**REQUIREMENT**
Print the data once more, exactly as supplied.

RECORDS: Begin

private lemma integral_antimono_comp_le:
  "(LINT t|lborel. indicator {0..1} t * g (F t)) \<le> (LINT t|lborel. indicator {0..1} t * g t) + \<epsilon>"
proof -
  have "(LINT t|lborel. indicator {0..1} t * g (F t))
      \<le> (LINT t|lborel. indicator {0..\<epsilon>} t + indicator {\<epsilon>..1} t * g (t - \<epsilon>))"
  proof (intro integral_mono Bochner_Integration.integrable_add integrable_Icc_comp
      integrable_real_indicator)
    fix t :: real
    have "g (F t) \<le> g (t - \<epsilon>)" if "t \<in> {\<epsilon>..1}"
      using that epsilon_nonneg F_close[of t] range_F[of t] by (auto intro!: antimono_g)
    then show "indicator {0..1} t * g (F t) \<le> indicator {0..\<epsilon>} t + indicator {\<epsilon>..1} t * g (t - \<epsilon>)"
      using epsilon_nonneg small range_F[of t] range_g[of "F t"] range_g[of "t - \<epsilon>"]
      by (auto simp: indicator_def)
  qed (use range_F epsilon_nonneg in \<open>auto simp: emeasure_lborel_Icc_eq\<close>)
  also have "\<dots> = \<epsilon> + (LINT t|lborel. indicator {0..1 - \<epsilon>} t * g t)"
    using epsilon_nonneg small integral_indicator_Icc_shift[of \<epsilon> 1 g \<epsilon>]
    by (subst Bochner_Integration.integral_add)
      (auto intro!: integrable_Icc_comp simp: emeasure_lborel_Icc_eq)
  also have "(LINT t|lborel. indicator {0..1 - \<epsilon>} t * g t) \<le> (LINT t|lborel. indicator {0..1} t * g t)"
    using epsilon_nonneg range_g
    by (intro integral_mono integrable_Icc_comp[where h="\<lambda>t. t", simplified]) (auto simp: indicator_def)
  finally show ?thesis
    by simp
qed

private lemma integral_antimono_comp_ge:
  "(LINT t|lborel. indicator {0..1} t * g t) \<le> (LINT t|lborel. indicator {0..1} t * g (F t)) + \<epsilon>"
proof -
  have "(LINT t|lborel. indicator {0..1} t * g t)
      \<le> (LINT t|lborel. indicator {0..\<epsilon>} t + indicator {\<epsilon>..1} t * g t)"
  proof (intro integral_mono Bochner_Integration.integrable_add
      integrable_Icc_comp[where h="\<lambda>t. t", simplified] integrable_real_indicator)
    fix t :: real
    show "indicator {0..1} t * g t \<le> indicator {0..\<epsilon>} t + indicator {\<epsilon>..1} t * g t"
      using epsilon_nonneg small range_g[of t] by (auto simp: indicator_def)
  qed (use epsilon_nonneg in \<open>auto simp: emeasure_lborel_Icc_eq\<close>)
  also have "\<dots> = \<epsilon> + (LINT t|lborel. indicator {0..1 - \<epsilon>} t * g (t + \<epsilon>))"
    using epsilon_nonneg small integral_indicator_Icc_shift[of 0 "1 - \<epsilon>" g "- \<epsilon>"]
    by (subst Bochner_Integration.integral_add)
      (auto intro!: integrable_Icc_comp simp: emeasure_lborel_Icc_eq)
  also have "(LINT t|lborel. indicator {0..1 - \<epsilon>} t * g (t + \<epsilon>))
      \<le> (LINT t|lborel. indicator {0..1} t * g (F t))"
  proof (intro integral_mono integrable_Icc_comp)
    fix t :: real
    have "g (t + \<epsilon>) \<le> g (F t)" if "t \<in> {0..1 - \<epsilon>}"
      using that epsilon_nonneg F_close[of t] range_F[of t] by (auto intro!: antimono_g)
    then show "indicator {0..1 - \<epsilon>} t * g (t + \<epsilon>) \<le> indicator {0..1} t * g (F t)"
      using epsilon_nonneg range_F[of t] range_g[of "F t"] by (auto simp: indicator_def)
  qed (use epsilon_nonneg range_F in auto)
  finally show ?thesis
    by simp
qed

lemma integral_antimono_comp_approx:
  "\<bar>(LINT t|lborel. indicator {0..1} t * g (F t)) - (LINT t|lborel. indicator {0..1} t * g t)\<bar> \<le> \<epsilon>"
  using integral_antimono_comp_le integral_antimono_comp_ge by linarith

end

context real_distribution
begin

RECORDS: End

**ANSWER BOX**
private lemma integral_antimono_comp_le:
  "(LINT t|lborel. indicator {0..1} t * g (F t)) \<le> (LINT t|lborel. indicator {0..1} t * g t) + \<epsilon>"
proof -
  have "(LINT t|lborel. indicator {0..1} t * g (F t))
      \<le> (LINT t|lborel. indicator {0..\<epsilon>} t + indicator {\<epsilon>..1} t * g (t - \<epsilon>))"
  proof (intro integral_mono Bochner_Integration.integrable_add integrable_Icc_comp
      integrable_real_indicator)
    fix t :: real
    have "g (F t) \<le> g (t - \<epsilon>)" if "t \<in> {\<epsilon>..1}"
      using that epsilon_nonneg F_close[of t] range_F[of t] by (auto intro!: antimono_g)
    then show "indicator {0..1} t * g (F t) \<le> indicator {0..\<epsilon>} t + indicator {\<epsilon>..1} t * g (t - \<epsilon>)"
      using epsilon_nonneg small range_F[of t] range_g[of "F t"] range_g[of "t - \<epsilon>"]
      by (auto simp: indicator_def)
  qed (use range_F epsilon_nonneg in \<open>auto simp: emeasure_lborel_Icc_eq\<close>)
  also have "\<dots> = \<epsilon> + (LINT t|lborel. indicator {0..1 - \<epsilon>} t * g t)"
    using epsilon_nonneg small integral_indicator_Icc_shift[of \<epsilon> 1 g \<epsilon>]
    by (subst Bochner_Integration.integral_add)
      (auto intro!: integrable_Icc_comp simp: emeasure_lborel_Icc_eq)
  also have "(LINT t|lborel. indicator {0..1 - \<epsilon>} t * g t) \<le> (LINT t|lborel. indicator {0..1} t * g t)"
    using epsilon_nonneg range_g
    by (intro integral_mono integrable_Icc_comp[where h="\<lambda>t. t", simplified]) (auto simp: indicator_def)
  finally show ?thesis
    by simp
qed

private lemma integral_antimono_comp_ge:
  "(LINT t|lborel. indicator {0..1} t * g t) \<le> (LINT t|lborel. indicator {0..1} t * g (F t)) + \<epsilon>"
proof -
  have "(LINT t|lborel. indicator {0..1} t * g t)
      \<le> (LINT t|lborel. indicator {0..\<epsilon>} t + indicator {\<epsilon>..1} t * g t)"
  proof (intro integral_mono Bochner_Integration.integrable_add
      integrable_Icc_comp[where h="\<lambda>t. t", simplified] integrable_real_indicator)
    fix t :: real
    show "indicator {0..1} t * g t \<le> indicator {0..\<epsilon>} t + indicator {\<epsilon>..1} t * g t"
      using epsilon_nonneg small range_g[of t] by (auto simp: indicator_def)
  qed (use epsilon_nonneg in \<open>auto simp: emeasure_lborel_Icc_eq\<close>)
  also have "\<dots> = \<epsilon> + (LINT t|lborel. indicator {0..1 - \<epsilon>} t * g (t + \<epsilon>))"
    using epsilon_nonneg small integral_indicator_Icc_shift[of 0 "1 - \<epsilon>" g "- \<epsilon>"]
    by (subst Bochner_Integration.integral_add)
      (auto intro!: integrable_Icc_comp simp: emeasure_lborel_Icc_eq)
  also have "(LINT t|lborel. indicator {0..1 - \<epsilon>} t * g (t + \<epsilon>))
      \<le> (LINT t|lborel. indicator {0..1} t * g (F t))"
  proof (intro integral_mono integrable_Icc_comp)
    fix t :: real
    have "g (t + \<epsilon>) \<le> g (F t)" if "t \<in> {0..1 - \<epsilon>}"
      using that epsilon_nonneg F_close[of t] range_F[of t] by (auto intro!: antimono_g)
    then show "indicator {0..1 - \<epsilon>} t * g (t + \<epsilon>) \<le> indicator {0..1} t * g (F t)"
      using epsilon_nonneg range_F[of t] range_g[of "F t"] by (auto simp: indicator_def)
  qed (use epsilon_nonneg range_F in auto)
  finally show ?thesis
    by simp
qed

lemma integral_antimono_comp_approx:
  "\<bar>(LINT t|lborel. indicator {0..1} t * g (F t)) - (LINT t|lborel. indicator {0..1} t * g t)\<bar> \<le> \<epsilon>"
  using integral_antimono_comp_le integral_antimono_comp_ge by linarith

end

context real_distribution
begin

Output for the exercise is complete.